Facile synthesis of nitrogen-doped graphene for measuring the releasing process of hydrogen peroxide from living cells

Modulating the electronic characteristics of graphene is of great technological importance for improving and expanding its applications. Chemical doping with other elements is a promising way to achieve this goal. This work reports a facile synthesis of nitrogen-doped graphene (N-graphene) at low temperature. This method, which involves the steps of graphite oxidation, exfoliation, and chemical reduction with the use of hydrazine as a reducing agent, can simultaneously realize the reduction of graphene oxide and doping graphene with nitrogen atoms.
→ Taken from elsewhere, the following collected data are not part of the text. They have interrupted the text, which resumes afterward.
(* Let $V$ be a finite-dimensional real vector space, $M$ a smooth manifold, $f\colon M\to V$ a smooth function, and $x_1,\ldots,x_m$ points of $M$ such that $0$ lies in the interior of the convex hull of $f(x_1),\ldots,f(x_m)$ and \[V=df_{x_1}T_{x_1}(M)+\cdots+df_{x_m}T_{x_m}(M).\] Then, for all $n$ sufficiently large, there exist $z_1,\ldots,z_n\in M$ such that $\sum_{i=1}^n f(z_i)=0$ and \[V=df_{z_1}T_{z_1}(M)+\cdots+df_{z_n}T_{z_n}(M).\]
   Context: Here $df_x\colon T_x(M)\to V$ denotes the differential of $f$ at $x$. *)

theory Defs
  imports "HOL-Analysis.Analysis"
begin

text \<open>D vs x is the iterated derivative
  of order length vs at x, applied to the directions in vs.\<close>
definition smooth_on :: "'a::euclidean_space set \<Rightarrow> ('a \<Rightarrow> 'b::euclidean_space) \<Rightarrow> bool" where
  "smooth_on S f \<longleftrightarrow> open S \<and>
     (\<exists>D :: 'a list \<Rightarrow> 'a \<Rightarrow> 'b.
        (\<forall>x\<in>S. D [] x = f x) \<and>
        (\<forall>vs. \<forall>x\<in>S. (D vs has_derivative (\<lambda>h. D (h # vs) x)) (at x)))"

definition chart :: "'m topology \<Rightarrow> ('m set \<times> ('m \<Rightarrow> 'e::euclidean_space)) \<Rightarrow> bool" where
  "chart X c \<longleftrightarrow> openin X (fst c) \<and> open (snd c ` fst c) \<and>
     homeomorphic_map (subtopology X (fst c)) (top_of_set (snd c ` fst c)) (snd c)"

definition smooth_atlas :: "'m topology \<Rightarrow> ('m set \<times> ('m \<Rightarrow> 'e::euclidean_space)) set \<Rightarrow> bool" where
  "smooth_atlas X A \<longleftrightarrow> (\<forall>c\<in>A. chart X c) \<and> (\<Union>c\<in>A. fst c) = topspace X \<and>
     (\<forall>c\<in>A. \<forall>d\<in>A. smooth_on (snd c ` (fst c \<inter> fst d)) (snd d \<circ> inv_into (fst c) (snd c)))"

definition smooth_manifold :: "'m topology \<Rightarrow> ('m set \<times> ('m \<Rightarrow> 'e::euclidean_space)) set \<Rightarrow> bool" where
  "smooth_manifold X A \<longleftrightarrow> Hausdorff_space X \<and> second_countable X \<and> smooth_atlas X A"

definition smooth_map :: "'m topology \<Rightarrow> ('m set \<times> ('m \<Rightarrow> 'e::euclidean_space)) set
    \<Rightarrow> ('m \<Rightarrow> 'v::euclidean_space) \<Rightarrow> bool" where
  "smooth_map X A f \<longleftrightarrow> (\<forall>c\<in>A. smooth_on (snd c ` fst c) (f \<circ> inv_into (fst c) (snd c)))"

text \<open>The image df_x(T_x M) of the differential, computed in a chart around x
  (independent of the chart by smooth compatibility).\<close>
definition diff_image :: "('m set \<times> ('m \<Rightarrow> 'e::euclidean_space)) set
    \<Rightarrow> ('m \<Rightarrow> 'v::euclidean_space) \<Rightarrow> 'm \<Rightarrow> 'v set" where
  "diff_image A f x = {y. \<exists>c\<in>A. x \<in> fst c \<and> (\<exists>f'.
       ((f \<circ> inv_into (fst c) (snd c)) has_derivative f') (at (snd c x)) \<and> y \<in> range f')}"

end

(*
  Since 0 is interior to the convex hull of the values f(x_i), it is a combination
  0 = sum_i c_i f(x_i) with all c_i > 0.  Rounding the numbers n c_i gives multiplicities
  M_i summing to n whose value sum s = sum_i M_i f(x_i) stays bounded as n grows.

  Because the differentials at the x_i span V, moving d = dim V copies of every x_i along
  suitable curves makes the sum of f over these d m points cover, by the open mapping theorem
  for maps with surjective derivative, a ball of fixed radius delta around d sum_i f(x_i).
  Choose L with |s| < L delta.  For large n each x_i occurs more than L d times, so L groups
  of d copies of every x_i can be replaced by perturbed groups, each summing to
  d sum_i f(x_i) - s / L; the total then becomes 0, and the remaining unperturbed copy of
  each x_i keeps the differentials spanning V.
*)

theory Submission
  imports Defs
begin

lemma smooth_on_has_derivative:
  assumes "smooth_on S F" "y \<in> S"
  obtains F' where "(F has_derivative F') (at y)"
proof -
  from assms(1) obtain D where "open S" and "\<forall>x\<in>S. D [] x = F x"
    and D: "\<forall>vs. \<forall>x\<in>S. (D vs has_derivative (\<lambda>h. D (h # vs) x)) (at x)"
    unfolding smooth_on_def by blast
  moreover have "(D [] has_derivative (\<lambda>h. D [h] y)) (at y)"
    using D assms(2) by blast
  ultimately have "(F has_derivative (\<lambda>h. D [h] y)) (at y)"
    using has_derivative_transform_within_open assms(2) by (metis (no_types, lifting))
  then show thesis by (rule that)
qed

lemma smooth_on_imp_continuous_on:
  assumes "smooth_on S F"
  shows "continuous_on S F"
  by (metis assms continuous_at_imp_continuous_on has_derivative_continuous smooth_on_has_derivative)

lemma smooth_manifold_chart:
  assumes "smooth_manifold X A" "c \<in> A"
  shows "fst c \<subseteq> topspace X" "inj_on (snd c) (fst c)" "open (snd c ` fst c)"
proof -
  have "chart X c" using assms unfolding smooth_manifold_def smooth_atlas_def by blast
  then have "openin X (fst c)" "open (snd c ` fst c)"
    and "homeomorphic_map (subtopology X (fst c)) (top_of_set (snd c ` fst c)) (snd c)"
    unfolding chart_def by auto
  then show "fst c \<subseteq> topspace X" "inj_on (snd c) (fst c)" "open (snd c ` fst c)"
    by (auto dest: homeomorphic_imp_injective_map simp: openin_subset Int_absorb1)
qed

lemma zero_in_diff_image:
  assumes "smooth_manifold X A" "smooth_map X A f" "y \<in> topspace X"
  shows "0 \<in> diff_image A f y"
proof -
  obtain c where c: "c \<in> A" "y \<in> fst c"
    using assms(1,3) unfolding smooth_manifold_def smooth_atlas_def by blast
  moreover obtain F' where "((f \<circ> inv_into (fst c) (snd c)) has_derivative F') (at (snd c y))"
    using assms(2) c smooth_on_has_derivative unfolding smooth_map_def by blast
  moreover from this have "0 \<in> range F'"
    by (metis has_derivative_linear linear_0 rangeI)
  ultimately show ?thesis unfolding diff_image_def by blast
qed

lemma diff_image_velocity_curve:
  assumes "smooth_manifold X A" "smooth_map X A f" "w \<in> diff_image A f y"
  shows "\<exists>(\<gamma> :: real \<Rightarrow> _) T. open T \<and> 0 \<in> T \<and> \<gamma> 0 = y \<and> \<gamma> ` T \<subseteq> topspace X \<and>
           continuous_on T (f \<circ> \<gamma>) \<and> ((f \<circ> \<gamma>) has_vector_derivative w) (at 0)"
proof -
  obtain c f' u where c: "c \<in> A" "y \<in> fst c" and w: "w = f' u"
    and f': "((f \<circ> inv_into (fst c) (snd c)) has_derivative f') (at (snd c y))"
    using assms(3) unfolding diff_image_def by blast
  define \<psi> where "\<psi> = inv_into (fst c) (snd c)"
  define line where "line s = snd c y + s *\<^sub>R u" for s :: real
  define T where "T = line -` (snd c ` fst c)"
  note chart = smooth_manifold_chart[OF assms(1) c(1)]
  have "continuous_on UNIV line" unfolding line_def by (intro continuous_intros)
  then have "open T" unfolding T_def using chart(3) by (simp add: open_vimage)
  moreover have "0 \<in> T" unfolding T_def line_def using c(2) by simp
  moreover have "(\<psi> \<circ> line) 0 = y" unfolding \<psi>_def line_def using chart(2) c(2) by simp
  moreover have "(\<psi> \<circ> line) ` T \<subseteq> topspace X"
    unfolding T_def \<psi>_def using chart(1) inv_into_into[of _ "snd c" "fst c"] by fastforce
  moreover have "continuous_on T (f \<circ> \<psi> \<circ> line)"
  proof (rule continuous_on_compose)
    show "continuous_on T line" unfolding line_def by (intro continuous_intros)
    have "smooth_on (snd c ` fst c) (f \<circ> \<psi>)"
      using assms(2) c(1) unfolding smooth_map_def \<psi>_def by blast
    then show "continuous_on (line ` T) (f \<circ> \<psi>)"
      unfolding T_def by (rule continuous_on_subset[OF smooth_on_imp_continuous_on]) auto
  qed
  moreover have "((f \<circ> \<psi> \<circ> line) has_vector_derivative w) (at 0)"
  proof -
    have "(line has_derivative (\<lambda>s. s *\<^sub>R u)) (at 0)"
      unfolding line_def by (auto intro!: derivative_eq_intros)
    moreover have "(f \<circ> \<psi> has_derivative f') (at (line 0))" using f' unfolding \<psi>_def line_def by simp
    ultimately have "(f \<circ> \<psi> \<circ> line has_derivative (\<lambda>s. f' (s *\<^sub>R u))) (at 0)"
      using has_derivative_compose by (fastforce simp: o_def)
    moreover have "f' (s *\<^sub>R u) = s *\<^sub>R w" for s
      using f' w by (simp add: has_derivative_linear linear_scale)
    ultimately show ?thesis by (simp add: has_vector_derivative_def)
  qed
  ultimately show ?thesis by (metis comp_assoc)
qed

lemma sum_of_curves_covers_ball:
  fixes \<phi> :: "'k \<Rightarrow> real \<Rightarrow> 'v::euclidean_space" and e w :: "'k \<Rightarrow> 'v"
  assumes "finite K"
    and curves: "\<And>k. k \<in> K \<Longrightarrow> open (T k) \<and> 0 \<in> T k \<and> continuous_on (T k) (\<phi> k) \<and>
                    (\<phi> k has_vector_derivative w k) (at 0)"
    and frame: "\<And>h. (\<Sum>k\<in>K. (h \<bullet> e k) *\<^sub>R w k) = h"
  obtains \<delta> where "\<delta> > 0"
    "\<And>g. g \<in> ball (\<Sum>k\<in>K. \<phi> k 0) \<delta> \<Longrightarrow>
       \<exists>t. (\<forall>k\<in>K. t \<bullet> e k \<in> T k) \<and> (\<Sum>k\<in>K. \<phi> k (t \<bullet> e k)) = g"
proof -
  define S where "S = (\<Inter>k\<in>K. (\<lambda>t. t \<bullet> e k) -` T k)"
  define G where "G t = (\<Sum>k\<in>K. \<phi> k (t \<bullet> e k))" for t
  have "open S"
    unfolding S_def using assms(1) curves by (auto intro!: open_vimage continuous_intros)
  moreover have "0 \<in> S" unfolding S_def using curves by simp
  moreover have "continuous_on S G"
    unfolding G_def S_def
  proof (intro continuous_on_sum)
    fix k assume "k \<in> K"
    then show "continuous_on (\<Inter>k\<in>K. (\<lambda>t. t \<bullet> e k) -` T k) (\<lambda>t. \<phi> k (t \<bullet> e k))"
      using curves[OF \<open>k \<in> K\<close>] continuous_on_inner[OF continuous_on_id continuous_on_const]
      by (force intro: continuous_on_compose2[of "T k" "\<phi> k"])
  qed
  moreover have "(G has_derivative id) (at 0)"
  proof -
    have "(G has_derivative (\<lambda>h. \<Sum>k\<in>K. (h \<bullet> e k) *\<^sub>R w k)) (at 0)"
      unfolding G_def
    proof (intro has_derivative_sum)
      fix k assume "k \<in> K"
      then have "(\<phi> k has_derivative (\<lambda>s. s *\<^sub>R w k)) (at ((\<lambda>t. t \<bullet> e k) 0))"
        using curves by (simp add: has_vector_derivative_def)
      then show "((\<lambda>t. \<phi> k (t \<bullet> e k)) has_derivative (\<lambda>h. (h \<bullet> e k) *\<^sub>R w k)) (at 0)"
        using has_derivative_compose[OF bounded_linear_inner_left[THEN
            bounded_linear_imp_has_derivative]] by blast
    qed
    then show ?thesis using frame by (simp add: id_def)
  qed
  ultimately have "G 0 \<in> interior (G ` S)"
    by (intro sussmann_open_mapping[where g' = id]) (auto simp: interior_open)
  then obtain \<delta> where "\<delta> > 0" and ball: "ball (G 0) \<delta> \<subseteq> G ` S"
    by (meson open_contains_ball open_interior interior_subset subset_trans)
  show thesis
  proof (rule that[OF \<open>\<delta> > 0\<close>])
    fix g assume "g \<in> ball (\<Sum>k\<in>K. \<phi> k 0) \<delta>"
    then obtain t where "t \<in> S" "g = G t" using ball unfolding G_def by auto
    then show "\<exists>t. (\<forall>k\<in>K. t \<bullet> e k \<in> T k) \<and> (\<Sum>k\<in>K. \<phi> k (t \<bullet> e k)) = g"
      unfolding S_def G_def by blast
  qed
qed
The spectroscopic results demonstrate that N-graphene with N/C atomic ratio up to similar to 4.5% can be prepared, and the doping N atoms consist of pyridinic, pyrrolic, graphitic, and oxidized nitrogen structures with the surface atomic compositions of similar to 28%, 49%, 19%, and 4%, respectively. The prepared N-graphene exhibits superior electrocatalytic activity toward H2O2 reduction, and the contribution of the doped N atoms to the enhanced electrocatalytic activity is explained in detail based on density functional theory (DFT) calculations. Moreover, N-graphene is further used to study the dynamic process of H2O2 (a common representative of reactive oxygen species, ROS, in living cells) release from living cells such as neutrophil, RAW 264.7 macrophage, and MCF-7 cells. The results presented here open a new way to synthesize N-graphene, and also developed a new platform for a reliable collection of kinetic information on cellular ROS release. The approach established in this work could be potentially useful in study of downstream biological effects of various stimuli in physiology and pathology.